During the Cold War, the rise of the assault rifle put automatic fire in the hands of ordinary infantry. However, machine-guns continued to play a part as heavier support weapons.
Produced by the Fabrique Nationale (FN) at Herstal in Belgium, the Mitrailleuse d’Appui General (MAG) was one of the more popular machine-guns of the 20th century. It was unremarkable in many of its features but was produced to a high standard that made it reliable.
Its most significant innovation was a variable gas-regulator used to control the amount of propellant gas siphoned off from the barrel to power the mechanism. It allowed operators to vary the rate of fire and increase the amount of gas to overcome problems with fouled barrels.

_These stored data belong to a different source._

lemma deriv_a_eq_K: "deriv a t = K (T t)"
proof (rule ccontr)
  assume ne: "deriv a t \<noteq> K (T t)"
  then obtain \<delta> where "\<delta> > 0" "\<forall>s\<in>ball t \<delta>. a s = 0 \<and> deriv a s = 0 \<and> T s = T t"
    using locally_constant_if_deriv_a_ne_K[OF ne] by blast
  then have "deriv a t = 0" by simp
  with ne have K_ne: "K (T t) \<noteq> 0" by simp
  define P where "P = {s. T s = T t} \<inter> {s. a s = 0} \<inter> {s. deriv a s = 0}"
  have "continuous_on UNIV T" "continuous_on UNIV a" "continuous_on UNIV (deriv a)"
    by (intro continuous_at_imp_continuous_on ballI isCont_T isCont_deriv_a
        DERIV_isCont[OF DERIV_deriv_a])+
  then have "closed P"
    unfolding P_def by (intro closed_Int closed_Collect_eq continuous_on_const)
  moreover have "open P"
    unfolding open_contains_ball
  proof
    fix s assume "s \<in> P"
    then have "deriv a s \<noteq> K (T s)" using K_ne unfolding P_def by simp
    then obtain \<delta> where \<delta>: "\<delta> > 0" "\<forall>r\<in>ball s \<delta>. a r = 0 \<and> deriv a r = 0 \<and> T r = T s"
      using locally_constant_if_deriv_a_ne_K[of s] by blast
    have "T s = T t" using \<open>s \<in> P\<close> by (simp add: P_def)
    then have "ball s \<delta> \<subseteq> P" using \<delta>(2) by (auto simp: P_def)
    then show "\<exists>\<delta>>0. ball s \<delta> \<subseteq> P" using \<delta>(1) by blast
  qed
  moreover have "t \<in> P"
    using ne \<open>deriv a t = 0\<close> a_times_deriv_a_minus_K[of t] unfolding P_def by simp
  ultimately have "P = UNIV" using clopen[of P] by auto
  then have "\<phi> s = \<phi> t" for s unfolding P_def by (auto simp flip: T_eq_iff)
  then show False using nonconst by metis
qed

lemma DERIV_a_K: "(a has_real_derivative K (T t)) (at t)"
  using DERIV_deriv_a deriv_a_eq_K by simp

lemma phi_eq_if_deriv_a_eq_0:
  assumes "deriv a s = 0" "deriv a t = 0"
  shows "\<phi> s = \<phi> t"
proof -
  have "q (T s) = 0" "q (T t) = 0"
    using assms deriv_a_eq_K K_eq_zero_iff T_pos by auto
  then show ?thesis using q_inj T_pos T_eq_iff by metis
qed

lemma metA_T: "metA \<phi> t = F (T t)"
proof -
  have "metA \<phi> t = sqrt (1 + (deriv \<phi> t)\<^sup>2) / cos (\<phi> t)"
    by (rule metA_eq[OF differentiable_phi differentiable_phi'])
  also have "\<dots> = (1 / (cos (\<phi> t))\<^sup>2) / W (T t)"
    unfolding sqrt_one_plus_deriv_phi_squared by (simp add: power2_eq_square)
  finally show ?thesis unfolding F_def one_plus_T_squared .
qed

lemma metB_T: "metB \<phi> t = T t"
  unfolding metB_def prof_r_def prof_y_def T_def tan_def by simp

lemma hyp_kappa_p_T: "hyp_kappa_p \<phi> t = W (T t) / T t"
  using hyp_kappa_p_eq[OF differentiable_phi differentiable_phi', of t]
    sin_phi_pos[of t] cos_phi_pos[of t]
  unfolding sqrt_one_plus_deriv_phi_squared T_def tan_def by (simp add: field_simps)

lemma deriv2_phi_eq:
  "deriv (deriv \<phi>) t = (K (T t) - (deriv \<phi> t)\<^sup>2 * (1 + (T t)\<^sup>2) * W' (T t)) / W (T t)"
proof -
  have "deriv (deriv \<phi>) t * W (T t) + (deriv \<phi> t)\<^sup>2 * (1 + (T t)\<^sup>2) * W' (T t) = K (T t)"
    using DERIV_unique[OF DERIV_a DERIV_a_K] .
  then show ?thesis using W_nonzero[OF T_pos[of t]] by (simp add: field_simps)
qed

lemma hyp_kappa_m_T: "hyp_kappa_m \<phi> t = W' (T t)"
proof -
  define \<sigma> where "\<sigma> = sqrt (1 + (deriv \<phi> t)\<^sup>2)"
  have \<sigma>2: "\<sigma>\<^sup>2 = 1 + (deriv \<phi> t)\<^sup>2" unfolding \<sigma>_def by (simp add: add_nonneg_nonneg)
  have curvature_algebra: "(s * \<sigma>\<^sup>2 - c * q) / \<sigma> ^ 3 = w'"
    if "c > 0" "w > 0" "\<sigma> = 1 / (c * w)" "s = y * c" "u = 1 / c\<^sup>2"
      "k = u * (y - w * w') / w" "q = (k - (\<sigma>\<^sup>2 - 1) * u * w') / w"
    for c w \<sigma> s y u k q w' :: real
    using that(1,2) unfolding that(3-7) by (simp add: field_simps power2_eq_square power3_eq_cube)
  have "hyp_kappa_m \<phi> t = (sin (\<phi> t) * \<sigma>\<^sup>2 - cos (\<phi> t) * deriv (deriv \<phi>) t) / \<sigma> ^ 3"
    unfolding \<sigma>2 unfolding \<sigma>_def by (rule hyp_kappa_m_eq[OF differentiable_phi differentiable_phi'])
  also have "\<dots> = W' (T t)"
  proof (rule curvature_algebra)
    show "\<sigma> = 1 / (cos (\<phi> t) * W (T t))"
      unfolding \<sigma>_def by (rule sqrt_one_plus_deriv_phi_squared)
    show "sin (\<phi> t) = T t * cos (\<phi> t)"
      using cos_phi_pos[of t] unfolding T_def tan_def by simp
    show "deriv (deriv \<phi>) t
        = (K (T t) - (\<sigma>\<^sup>2 - 1) * (1 + (T t)\<^sup>2) * W' (T t)) / W (T t)"
      unfolding \<sigma>2 deriv2_phi_eq by simp
  qed (use cos_phi_pos W_pos[OF T_pos] one_plus_T_squared in \<open>simp_all add: K_def Q_def\<close>)
  finally show ?thesis .
qed

lemma lap_rot_a:
  "lap_rot n \<phi> a t
    = - (real (n - 1) * Q (T t) / T t + (1 - (W' (T t))\<^sup>2 - W (T t) * W'' (T t))) * a t"
proof -
  define \<Psi> where "\<Psi> y = y ^ (n - 1) * Q y" for y
  have inner: "(\<lambda>s. metB \<phi> s ^ (n - 1) / metA \<phi> s * deriv a s) = (\<lambda>s. \<Psi> (T s))"
  proof
    fix s
    have cancel: "x / (u / w) * (u * p / w) = x * p" if "u \<noteq> 0" "w \<noteq> 0" for x u w p :: real
      using that by simp
    have "1 + (T s)\<^sup>2 \<noteq> 0" using zero_le_power2[of "T s"] by linarith
    then show "metB \<phi> s ^ (n - 1) / metA \<phi> s * deriv a s = \<Psi> (T s)"
      unfolding metB_T metA_T deriv_a_eq_K F_def K_def \<Psi>_def
      using cancel W_nonzero[OF T_pos[of s]] by simp
  qed
  have "(\<Psi> has_real_derivative y ^ (n - 1) * (1 - (W' y)\<^sup>2 - W y * W'' y)
      + real (n - 1) * y ^ (n - 1 - Suc 0) * Q y) (at y)" if "y > 0" for y
    unfolding \<Psi>_def[abs_def] by (rule DERIV_mult'[OF DERIV_pow DERIV_Q[OF that]])
  from DERIV_chain2[OF this[OF T_pos] DERIV_T]
  have chain: "deriv (\<lambda>s. \<Psi> (T s)) t
      = (T t ^ (n - 1) * (1 - (W' (T t))\<^sup>2 - W (T t) * W'' (T t))
          + real (n - 1) * T t ^ (n - 1 - Suc 0) * Q (T t)) * (F (T t) * a t)"
    by (rule DERIV_imp_deriv)
  have pow: "y ^ (n - 1) = y ^ (n - 1 - Suc 0) * y" for y :: real
    by (rule n_Suc_Suc) (simp add: algebra_simps)
  have cancel:
    "- (1 / (f * (p * y))) * ((p * y * Q' + m * p * Q) * (f * a)) = - (m * Q / y + Q') * a"
    if "f > 0" "p > 0" "y > 0" for f p y Q Q' m a :: real
    using that by (simp add: field_simps)
  have "F (T t) > 0"
    using W_pos[OF T_pos[of t]] by (simp add: F_def add_pos_nonneg)
  then show ?thesis
    unfolding lap_rot_def inner unfolding metA_T metB_T chain unfolding pow
    by (rule cancel) (simp_all add: T_pos)
qed

lemma potV_T: "potV n \<phi> t = (W' (T t))\<^sup>2 + real (n - 1) * (W (T t) / T t)\<^sup>2 - real n"
  unfolding potV_def sff_sq_def hyp_kappa_m_T hyp_kappa_p_T ..

theorem jacobi_equation: "lap_rot n \<phi> a t - potV n \<phi> t * a t = 0"
proof -
  have "lap_rot n \<phi> a t - potV n \<phi> t * a t
      = - (real (n - 1) * Q (T t) / T t + (1 - (W' (T t))\<^sup>2 - W (T t) * W'' (T t))
           + ((W' (T t))\<^sup>2 + real (n - 1) * (W (T t) / T t)\<^sup>2 - real n)) * a t"
    unfolding lap_rot_a potV_T by (simp add: algebra_simps)
  then show ?thesis unfolding jacobi_potential_identity[OF T_pos] by simp
qed

end

section \<open>Zeros of \<open>a\<close> and of its derivative\<close>

lemma inj_on_if_deriv_nonzero:
  fixes g g' :: "real \<Rightarrow> real"
  assumes deriv: "\<And>x. (g has_real_derivative g' x) (at x)"
    and nonzero: "\<And>x. l < x \<Longrightarrow> x < h \<Longrightarrow> g' x \<noteq> 0"
  shows "inj_on g {l..h}"
proof (rule linorder_inj_onI)
  fix s t assume "s < t" "s \<in> {l..h}" "t \<in> {l..h}"
  then obtain z where "s < z" "z < t" "g t - g s = (t - s) * g' z"
    using MVT2[of s t g g'] deriv by blast
  then show "g s \<noteq> g t" using nonzero[of z] \<open>s \<in> {l..h}\<close> \<open>t \<in> {l..h}\<close> by auto
qed auto

locale periodic_hyperbolic_unduloid = hyperbolic_unduloid +
  fixes \<tau> :: real
  assumes min0: "\<And>t. \<phi> 0 \<le> \<phi> t"
    and tau_pos: "\<tau> > 0"
    and periodic: "\<And>t. \<phi> (t + \<tau>) = \<phi> t"
    and tau_min: "\<And>T. 0 < T \<Longrightarrow> T < \<tau> \<Longrightarrow> \<exists>t. \<phi> (t + T) \<noteq> \<phi> t"
begin

lemma T_periodic: "T (t + \<tau>) = T t"
  by (simp add: T_def periodic)

lemma a_periodic: "a (t + \<tau>) = a t"
  by (simp add: a_def periodic deriv_shift_periodic[of \<phi>, OF periodic])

The MAG’s biggest downside was its 50-round belt. It was suitable for sustained fire but could get in the way of machine-gunners trying to advance quickly in a support role.
The MAG was widely exported and produced under license in countries as diverse as Argentina, Israel, and South Africa.
Like many other nations, the British adapted the design of the MAG to suit their purposes resulting in the L7 series of guns. A powerful sustained fire weapon, it used boxes of metal-linked ammunition instead of a belt to get around the problem of the ammunition feed.
The MAG’s only real competitor for popularity in the West was the American M60.
The M60 went through a very drawn-out design process. It began during WWII when American designers looked at German guns. They took superior elements from those weapons, such as the Maschinengewehr 42’s ammunition feed and the Fallschirmjäger 42’s piston and bolt, and combined them with American elements. By the time they had finished designing and testing the war was over. The M60 did not reach American units until the 1950s.
The M60 was unpopular with troops, due to failings such as the awkward barrel changing system. It was hastily redesigned but remained unpopular because of its poor balance.
Despite the flaws, the M60 saw widespread use in the US armed forces and with their allies; in particular the Australian, South Korean, and Taiwanese armies.
Aside from the USSR, Czechoslovakia was the largest arms manufacturer in the Warsaw Pact. The vz59 was the Czech contribution to the machine-gun arsenals of the Cold War.
A successor to the pre-war vz26 and the more complicated vz52, the vz59 had similar workings to those earlier models. Variants existed for use as a light machine-gun or a heavier tripod-mounted version. A version also existed that could fire the NATO-standard 7.62mm round, increasing the gun’s international export potential.
First appearing in 1946, the PK was the Soviet Union’s primary general-purpose machine-gun. Like all Soviet weapons, it was designed to be simple yet effective; an idiot-proof weapon widely distributed among conscript soldiers. Like many Soviet automatic weapons, its bore was chrome-plated to reduce the wear that came from sustained fire.
Using ammunition belts that held up to 250 rounds and with a cycle rate of around 700 rounds per minute, the PK could put plenty of lead into the air. Adaptations were made for various purposes including anti-aircraft fire, squad support, and export to China.
The RPK was a specialized Soviet light machine-gun that first appeared in 1966. Derived from the AKM assault rifle, it was designed for use as squad support.
The RPK had a top cycle rate of 660 rounds per minute. However, with ammunition drums holding a maximum of 75 rounds and a barrel that could not be changed when worn out, firing at that rate created problems. Soldiers were encouraged to use it at a lower 80 rounds per minute.
The RPK was widely distributed. It was adapted for changes to Soviet ammunition and also production in China.
As the face of battle changed, so did the weapons used by the opposing forces of the Cold War. The growing prominence of the assault rifle, coupled with an expectation that most shooting would happen at relatively close range, led to a shift to smaller ammunition. It gave soldiers more shots at the cost of reduced range stopping power.
One response was the Minimi, another FN product. It was a light machine-gun designed to fire the NATO-standard SS109 5.56mm round.
Many of the Minimi’s features were adapted from the MAG, although others were new. A bolt system moving on twin rails inside the receiver ensured smooth, vibration-free movement, leading to greater reliability and accuracy.
The forces of east and west focused on weapons for use if the Cold War went hot. Designers in Brazil had a different agenda; profit. They created a weapon for export without the economic and political baggage associated with Soviet and NATO technology. The Uirapuru Mekanika was a fairly ordinary and relatively heavy weapon whose main advantage was its modest price tag.
While the great powers stood in an uneasy stand-off, small wars proliferated in Asia and Africa. Some were proxy conflicts between NATO and the Warsaw Pact, others purely local conflicts. All of them created a market for light machine-guns.
One of the companies supplying the market was Chartered Industries of Singapore. Their Ultimax 100 might sound as if it was named by a small child trying to sound impressive, but it was a light, and effective machine-gun designed for the widely available US M193 5.56mm round.
The L86 Light Support Weapon was the British attempt to tap into the same market. Originally intended to hold the British 4.85mm round, it was changed to take the NATO SS109 5.56mm round, as standardization became increasingly important in the marketing of weapons.